---- Extracted data

(* Let $G=(V,E)$ be a connected undirected graph on $n$ nodes with Laplacian $L$, let $\kappa_1,\dots,\kappa_n>0$, and let $D_\kappa=\mathrm{diag}(\kappa_1,\dots,\kappa_n)$. For $S\subseteq V$ let $D_S$ be the diagonal $0/1$ matrix with $(D_S)_{ii}=1$ iff $i\in S$, and set $Q_S=L+D_\kappa D_S$ (write $Q_v$ for $Q_{\{v\}}$). Define $f:2^V\to\mathbb{R}$ by $f(\emptyset)=0$ and $f(S)=C-\mathrm{tr}(Q_S^{-1})$ for $S\neq\emptyset$, where $C=2\max_{v\in V}\mathrm{tr}(Q_v^{-1})$. Then $f$ is non-decreasing: for all $S_1\subseteq S_2\subseteq V$, $f(S_1)\le f(S_2)$.
   Context: For nonempty $S$, the matrix $Q_S$ is positive definite, so $Q_S^{-1}$ exists. A set function $f$ is non-decreasing if $A\subseteq B$ implies $f(A)\le f(B)$. *)

theory Defs
  imports "HOL-Analysis.Analysis"
begin

text \<open>Vertices are the elements of a finite type 'n (so n = CARD('n)).
  A simple undirected graph is a symmetric irreflexive edge relation E.\<close>

definition undirected_graph :: "('n \<Rightarrow> 'n \<Rightarrow> bool) \<Rightarrow> bool" where
  "undirected_graph E \<longleftrightarrow> (\<forall>u v. E u v \<longrightarrow> E v u) \<and> (\<forall>v. \<not> E v v)"

definition connected_graph :: "('n \<Rightarrow> 'n \<Rightarrow> bool) \<Rightarrow> bool" where
  "connected_graph E \<longleftrightarrow> (\<forall>u v. E\<^sup>*\<^sup>* u v)"

definition laplacian :: "('n::finite \<Rightarrow> 'n \<Rightarrow> bool) \<Rightarrow> real^'n^'n" where
  "laplacian E = (\<chi> i j. if i = j then real (card {k. E i k})
                           else if E i j then -1 else 0)"

definition diag_mat :: "('n::finite \<Rightarrow> real) \<Rightarrow> real^'n^'n" where
  "diag_mat d = (\<chi> i j. if i = j then d i else 0)"

definition sel_mat :: "'n::finite set \<Rightarrow> real^'n^'n" where
  "sel_mat S = diag_mat (\<lambda>i. if i \<in> S then 1 else 0)"

definition Q_mat :: "('n::finite \<Rightarrow> 'n \<Rightarrow> bool) \<Rightarrow> ('n \<Rightarrow> real) \<Rightarrow> 'n set \<Rightarrow> real^'n^'n" where
  "Q_mat E \<kappa> S = laplacian E + diag_mat \<kappa> ** sel_mat S"

definition C_const :: "('n::finite \<Rightarrow> 'n \<Rightarrow> bool) \<Rightarrow> ('n \<Rightarrow> real) \<Rightarrow> real" where
  "C_const E \<kappa> = 2 * Max (range (\<lambda>v. trace (matrix_inv (Q_mat E \<kappa> {v}))))"

definition f_set :: "('n::finite \<Rightarrow> 'n \<Rightarrow> bool) \<Rightarrow> ('n \<Rightarrow> real) \<Rightarrow> 'n set \<Rightarrow> real" where
  "f_set E \<kappa> S = (if S = {} then 0 else C_const E \<kappa> - trace (matrix_inv (Q_mat E \<kappa> S)))"

end

theory Submission
  imports Defs
begin

text \<open>The quadratic form of \<open>Q\<^sub>S\<close> is the Dirichlet energy of the graph plus
  \<open>\<Sum>i\<in>S. \<kappa>\<^sub>i x\<^sub>i\<^sup>2\<close>, so \<open>Q\<^sub>S\<close> is symmetric positive semidefinite, increases in the
  Loewner order with \<open>S\<close>, and is invertible for nonempty \<open>S\<close> because on a connected graph only
  constant vectors have zero energy. Matrix inversion reverses the Loewner order, and the trace is a
  sum of quadratic forms, so \<open>tr(Q\<^sub>S\<^sup>-\<^sup>1)\<close> decreases in \<open>S\<close>. The step from \<open>\<emptyset>\<close> to a nonempty
  \<open>S \<ni> v\<close> is covered by \<open>tr(Q\<^sub>S\<^sup>-\<^sup>1) \<le> tr(Q\<^sub>v\<^sup>-\<^sup>1) \<le> C/2 \<le> C\<close>.\<close>

lemma matrix_inv_right:
  fixes A :: "'a::semiring_1^'n^'n"
  assumes "invertible A"
  shows "A ** matrix_inv A = mat 1"
  using someI_ex[OF assms[unfolded invertible_def]] unfolding matrix_inv_def by blast

lemma matrix_vector_mult_matrix_inv:
  fixes A :: "'a::semiring_1^'n^'n"
  assumes "invertible A"
  shows "A *v (matrix_inv A *v x) = x"
  by (simp add: matrix_vector_mul_assoc matrix_inv_right[OF assms])

lemma trace_eq_sum_quadratic_form_axis:
  fixes M :: "real^'n::finite^'n"
  shows "trace M = (\<Sum>i\<in>UNIV. axis i 1 \<bullet> (M *v axis i 1))"
proof -
  have "axis i 1 \<bullet> (M *v axis i 1) = M $ i $ i" for i
    unfolding inner_axis' by (simp add: matrix_vector_mult_def axis_def if_distrib cong: if_cong)
  then show ?thesis unfolding trace_def by simp
qed

lemma matrix_inv_quadratic_form_nonneg:
  fixes A :: "real^'n::finite^'n"
  assumes "invertible A" "\<And>y. 0 \<le> y \<bullet> (A *v y)"
  shows "0 \<le> x \<bullet> (matrix_inv A *v x)"
  using assms(2)[of "matrix_inv A *v x"]
  by (simp add: matrix_vector_mult_matrix_inv[OF assms(1)] inner_commute)

text \<open>Only the smaller matrix \<open>A\<close> needs to be symmetric and positive semidefinite: with
  \<open>y = B\<^sup>-\<^sup>1x\<close> and \<open>z = A\<^sup>-\<^sup>1x\<close>, expanding \<open>0 \<le> (y - z)\<^sup>TA(y - z)\<close> and using
  \<open>y\<^sup>TAy \<le> y\<^sup>TBy = y\<^sup>Tx\<close> gives \<open>x\<^sup>Ty \<le> x\<^sup>Tz\<close>.\<close>

lemma matrix_inv_quadratic_form_antimono:
  fixes A B :: "real^'n::finite^'n"
  assumes "invertible A" "invertible B" "transpose A = A"
    and "\<And>y. 0 \<le> y \<bullet> (A *v y)" and "\<And>y. y \<bullet> (A *v y) \<le> y \<bullet> (B *v y)"
  shows "x \<bullet> (matrix_inv B *v x) \<le> x \<bullet> (matrix_inv A *v x)"
proof -
  define y where "y = matrix_inv B *v x"
  define z where "z = matrix_inv A *v x"
  have By: "B *v y = x" and Az: "A *v z = x"
    unfolding y_def z_def by (simp_all add: matrix_vector_mult_matrix_inv assms(1,2))
  have symm: "z \<bullet> (A *v y) = y \<bullet> (A *v z)"
    by (metis assms(3) dot_lmul_matrix inner_commute transpose_matrix_vector)
  have "0 \<le> (y - z) \<bullet> (A *v (y - z))" by (rule assms(4))
  also have "\<dots> = y \<bullet> (A *v y) - y \<bullet> (A *v z) - z \<bullet> (A *v y) + z \<bullet> (A *v z)"
    by (simp add: matrix_vector_mult_diff_distrib inner_diff_left inner_diff_right)
  finally have "0 \<le> y \<bullet> (A *v y) - 2 * (x \<bullet> y) + x \<bullet> z"
    using Az symm by (simp add: inner_commute)
  moreover have "y \<bullet> (A *v y) \<le> x \<bullet> y"
    using assms(5)[of y] By by (simp add: inner_commute)
  ultimately show ?thesis unfolding y_def z_def by simp
qed

lemma trace_matrix_inv_antimono:
  fixes A B :: "real^'n::finite^'n"
  assumes "invertible A" "invertible B" "transpose A = A"
    and "\<And>y. 0 \<le> y \<bullet> (A *v y)" and "\<And>y. y \<bullet> (A *v y) \<le> y \<bullet> (B *v y)"
  shows "trace (matrix_inv B) \<le> trace (matrix_inv A)"
  unfolding trace_eq_sum_quadratic_form_axis
  by (rule sum_mono, rule matrix_inv_quadratic_form_antimono[OF assms])

lemma trace_matrix_inv_nonneg:
  fixes A :: "real^'n::finite^'n"
  assumes "invertible A" "\<And>y. 0 \<le> y \<bullet> (A *v y)"
  shows "0 \<le> trace (matrix_inv A)"
  unfolding trace_eq_sum_quadratic_form_axis
  by (rule sum_nonneg, rule matrix_inv_quadratic_form_nonneg[OF assms])

lemma connected_graph_constant:
  assumes "connected_graph E" "\<And>i j. E i j \<Longrightarrow> g i = g j"
  shows "g u = g v"
proof -
  have "E\<^sup>*\<^sup>* v u" using assms(1) unfolding connected_graph_def by blast
  then show ?thesis by induction (auto dest: assms(2))
qed

lemma laplacian_mult_component:
  assumes "undirected_graph E"
  shows "(laplacian E *v x) $ i = (\<Sum>j\<in>UNIV. if E i j then x $ i - x $ j else 0)"
proof -
  have "\<not> E i i" using assms unfolding undirected_graph_def by blast
  then have "(laplacian E *v x) $ i = (\<Sum>j\<in>UNIV. (if j = i then real (card {k. E i k}) * x $ i else 0)
      - (if E i j then x $ j else 0))"
    unfolding matrix_vector_mult_def laplacian_def by (auto intro!: sum.cong)
  also have "\<dots> = real (card {k. E i k}) * x $ i - (\<Sum>j\<in>UNIV. if E i j then x $ j else 0)"
    by (simp add: sum_subtractf)
  also have "real (card {k. E i k}) * x $ i = (\<Sum>j\<in>UNIV. if E i j then x $ i else 0)"
    by (simp add: sum.If_cases)
  finally show ?thesis by (simp add: sum_subtractf[symmetric] if_distrib cong: if_cong)
qed

lemma laplacian_quadratic_form:
  assumes "undirected_graph E"
  shows "x \<bullet> (laplacian E *v x) = (\<Sum>i\<in>UNIV. \<Sum>j\<in>UNIV. if E i j then (x $ i - x $ j)\<^sup>2 else 0) / 2"
proof -
  have symm: "E i j = E j i" for i j using assms unfolding undirected_graph_def by blast
  let ?a = "\<Sum>i\<in>UNIV. \<Sum>j\<in>UNIV. if E i j then x $ i * (x $ i - x $ j) else 0"
  have a: "x \<bullet> (laplacian E *v x) = ?a"
    unfolding inner_vec_def laplacian_mult_component[OF assms]
    by (simp add: sum_distrib_left if_distrib cong: if_cong)
  have "?a = (\<Sum>j\<in>UNIV. \<Sum>i\<in>UNIV. if E i j then x $ i * (x $ i - x $ j) else 0)"
    by (rule sum.swap)
  also have "\<dots> = (\<Sum>i\<in>UNIV. \<Sum>j\<in>UNIV. if E i j then x $ j * (x $ j - x $ i) else 0)"
    using symm by simp
  finally have "2 * ?a = ?a + (\<Sum>i\<in>UNIV. \<Sum>j\<in>UNIV. if E i j then x $ j * (x $ j - x $ i) else 0)"
    by simp
  also have "\<dots> = (\<Sum>i\<in>UNIV. \<Sum>j\<in>UNIV. if E i j then (x $ i - x $ j)\<^sup>2 else 0)"
    by (simp add: sum.distrib[symmetric] power2_eq_square algebra_simps if_distrib cong: if_cong)
  finally show ?thesis using a by simp
qed

lemma laplacian_quadratic_form_nonneg:
  assumes "undirected_graph E"
  shows "0 \<le> x \<bullet> (laplacian E *v x)"
  unfolding laplacian_quadratic_form[OF assms] by (intro divide_nonneg_pos sum_nonneg) auto

lemma laplacian_quadratic_form_eq_0_imp_edge:
  assumes "undirected_graph E" "x \<bullet> (laplacian E *v x) = 0" "E i j"
  shows "x $ i = x $ j"
proof -
  have "(\<Sum>i\<in>UNIV. \<Sum>j\<in>UNIV. if E i j then (x $ i - x $ j)\<^sup>2 else 0) = (0::real)"
    using assms(2) unfolding laplacian_quadratic_form[OF assms(1)] by simp
  then have "\<forall>i\<in>UNIV. \<forall>j\<in>UNIV. (if E i j then (x $ i - x $ j)\<^sup>2 else 0) = (0::real)"
    by (simp add: sum_nonneg sum_nonneg_eq_0_iff)
  with assms(3) show ?thesis by (metis UNIV_I power_eq_0_iff right_minus_eq)
qed

lemma diag_mat_mult_entry: "(diag_mat d ** M) $ i $ j = d i * M $ i $ j"
proof -
  have "(\<Sum>k\<in>UNIV. diag_mat d $ i $ k * M $ k $ j) = (\<Sum>k\<in>UNIV. if k = i then d i * M $ i $ j else 0)"
    by (rule sum.cong) (auto simp: diag_mat_def)
  then show ?thesis by (simp add: matrix_matrix_mult_def)
qed

lemma diag_sel_mult_component:
  "((diag_mat \<kappa> ** sel_mat S) *v x) $ i = (if i \<in> S then \<kappa> i * x $ i else 0)"
proof -
  have "(\<Sum>j\<in>UNIV. (diag_mat \<kappa> ** sel_mat S) $ i $ j * x $ j)
      = (\<Sum>j\<in>UNIV. if j = i then (if i \<in> S then \<kappa> i * x $ i else 0) else 0)"
    unfolding diag_mat_mult_entry by (rule sum.cong) (auto simp: sel_mat_def diag_mat_def)
  then show ?thesis by (simp add: matrix_vector_mult_def)
qed

lemma Q_mat_symmetric:
  assumes "undirected_graph E"
  shows "transpose (Q_mat E \<kappa> S) = Q_mat E \<kappa> S"
proof -
  have "E i j = E j i" for i j using assms unfolding undirected_graph_def by blast
  then show ?thesis
    unfolding transpose_def vec_eq_iff
    by (simp add: Q_mat_def diag_mat_mult_entry) (auto simp: laplacian_def sel_mat_def diag_mat_def)
qed

lemma Q_mat_quadratic_form:
  assumes "undirected_graph E"
  shows "x \<bullet> (Q_mat E \<kappa> S *v x) = x \<bullet> (laplacian E *v x) + (\<Sum>i\<in>S. \<kappa> i * (x $ i)\<^sup>2)"
proof -
  have "x \<bullet> ((diag_mat \<kappa> ** sel_mat S) *v x) = (\<Sum>i\<in>UNIV. if i \<in> S then \<kappa> i * (x $ i)\<^sup>2 else 0)"
    unfolding inner_vec_def diag_sel_mult_component
    by (intro sum.cong) (auto simp: power2_eq_square)
  also have "\<dots> = (\<Sum>i\<in>S. \<kappa> i * (x $ i)\<^sup>2)"
    by (simp add: sum.If_cases)
  finally show ?thesis
    unfolding Q_mat_def matrix_vector_mult_add_rdistrib inner_add_right by simp
qed

lemma Q_mat_quadratic_form_nonneg:
  assumes "undirected_graph E" "\<And>i. \<kappa> i > 0"
  shows "0 \<le> x \<bullet> (Q_mat E \<kappa> S *v x)"
  unfolding Q_mat_quadratic_form[OF assms(1)]
  using laplacian_quadratic_form_nonneg[OF assms(1)] assms(2)
  by (intro add_nonneg_nonneg sum_nonneg) (auto simp: less_imp_le)

lemma Q_mat_quadratic_form_mono:
  assumes "undirected_graph E" "\<And>i. \<kappa> i > 0" "S1 \<subseteq> S2"
  shows "x \<bullet> (Q_mat E \<kappa> S1 *v x) \<le> x \<bullet> (Q_mat E \<kappa> S2 *v x)"
proof -
  have "(\<Sum>i\<in>S1. \<kappa> i * (x $ i)\<^sup>2) \<le> (\<Sum>i\<in>S2. \<kappa> i * (x $ i)\<^sup>2)"
    using assms(2,3) by (intro sum_mono2) (auto simp: less_imp_le)
  then show ?thesis unfolding Q_mat_quadratic_form[OF assms(1)] by simp
qed

lemma Q_mat_invertible:
  assumes "undirected_graph E" "connected_graph E" "\<And>i. \<kappa> i > 0" "v \<in> S"
  shows "invertible (Q_mat E \<kappa> S)"
proof -
  have "x = 0" if "Q_mat E \<kappa> S *v x = 0" for x
  proof -
    have "x \<bullet> (laplacian E *v x) + (\<Sum>i\<in>S. \<kappa> i * (x $ i)\<^sup>2) = 0"
      using that Q_mat_quadratic_form[OF assms(1), of x \<kappa> S] by simp
    moreover have "0 \<le> (\<Sum>i\<in>S. \<kappa> i * (x $ i)\<^sup>2)" "0 \<le> \<kappa> v * (x $ v)\<^sup>2"
      using assms(3) by (auto intro!: sum_nonneg simp: less_imp_le)
    moreover have "\<kappa> v * (x $ v)\<^sup>2 \<le> (\<Sum>i\<in>S. \<kappa> i * (x $ i)\<^sup>2)"
      using assms(3,4) by (intro member_le_sum) (auto simp: less_imp_le)
    ultimately have L0: "x \<bullet> (laplacian E *v x) = 0" and "\<kappa> v * (x $ v)\<^sup>2 = 0"
      using laplacian_quadratic_form_nonneg[OF assms(1), of x] by linarith+
    then have "x $ v = 0" using assms(3)[of v] by simp
    moreover have "x $ u = x $ v" for u
      using connected_graph_constant[OF assms(2) laplacian_quadratic_form_eq_0_imp_edge[OF assms(1) L0]] .
    ultimately show "x = 0" by (simp add: vec_eq_iff)
  qed
  then show ?thesis using invertible_left_inverse matrix_left_invertible_ker by blast
qed

lemma trace_inv_Q_mat_antimono:
  assumes "undirected_graph E" "connected_graph E" "\<And>i. \<kappa> i > 0" "A \<noteq> {}" "A \<subseteq> B"
  shows "trace (matrix_inv (Q_mat E \<kappa> B)) \<le> trace (matrix_inv (Q_mat E \<kappa> A))"
proof -
  obtain v where "v \<in> A" "v \<in> B" using assms(4,5) by blast
  then show ?thesis
    by (intro trace_matrix_inv_antimono Q_mat_invertible Q_mat_symmetric
        Q_mat_quadratic_form_nonneg Q_mat_quadratic_form_mono assms(1,2,3,5))
qed

theorem proposition1:
  fixes E :: "'n::finite \<Rightarrow> 'n \<Rightarrow> bool" and \<kappa> :: "'n \<Rightarrow> real"
    and S1 S2 :: "'n set"
  assumes "undirected_graph E"
    and "connected_graph E"
    and "\<And>i. \<kappa> i > 0"
    and "S1 \<subseteq> S2"
  shows "f_set E \<kappa> S1 \<le> f_set E \<kappa> S2"
proof (cases "S2 = {}")
  case False
  then obtain v where v: "v \<in> S2" by blast
  let ?tr = "\<lambda>S. trace (matrix_inv (Q_mat E \<kappa> S))"
  have "0 \<le> ?tr {v}"
    by (intro trace_matrix_inv_nonneg Q_mat_invertible Q_mat_quadratic_form_nonneg assms(1-3)) simp
  moreover have "?tr S2 \<le> ?tr {v}"
    using v by (intro trace_inv_Q_mat_antimono assms(1-3)) auto
  moreover have "?tr {v} \<le> Max (range (\<lambda>v. ?tr {v}))"
    by (intro Max_ge finite_imageI) auto
  ultimately have "?tr S2 \<le> C_const E \<kappa>"
    unfolding C_const_def by linarith
  moreover have "?tr S2 \<le> ?tr S1" if "S1 \<noteq> {}"
    using that by (intro trace_inv_Q_mat_antimono assms)
  ultimately show ?thesis
    using False unfolding f_set_def by auto
qed (use assms(4) in simp)

end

--------

### Exercise:
The lines to return are those in the entries above that include "decreasing".

### Answer:
(* Let $G=(V,E)$ be a connected undirected graph on $n$ nodes with Laplacian $L$, let $\kappa_1,\dots,\kappa_n>0$, and let $D_\kappa=\mathrm{diag}(\kappa_1,\dots,\kappa_n)$. For $S\subseteq V$ let $D_S$ be the diagonal $0/1$ matrix with $(D_S)_{ii}=1$ iff $i\in S$, and set $Q_S=L+D_\kappa D_S$ (write $Q_v$ for $Q_{\{v\}}$). Define $f:2^V\to\mathbb{R}$ by $f(\emptyset)=0$ and $f(S)=C-\mathrm{tr}(Q_S^{-1})$ for $S\neq\emptyset$, where $C=2\max_{v\in V}\mathrm{tr}(Q_v^{-1})$. Then $f$ is non-decreasing: for all $S_1\subseteq S_2\subseteq V$, $f(S_1)\le f(S_2)$.
   Context: For nonempty $S$, the matrix $Q_S$ is positive definite, so $Q_S^{-1}$ exists. A set function $f$ is non-decreasing if $A\subseteq B$ implies $f(A)\le f(B)$. *)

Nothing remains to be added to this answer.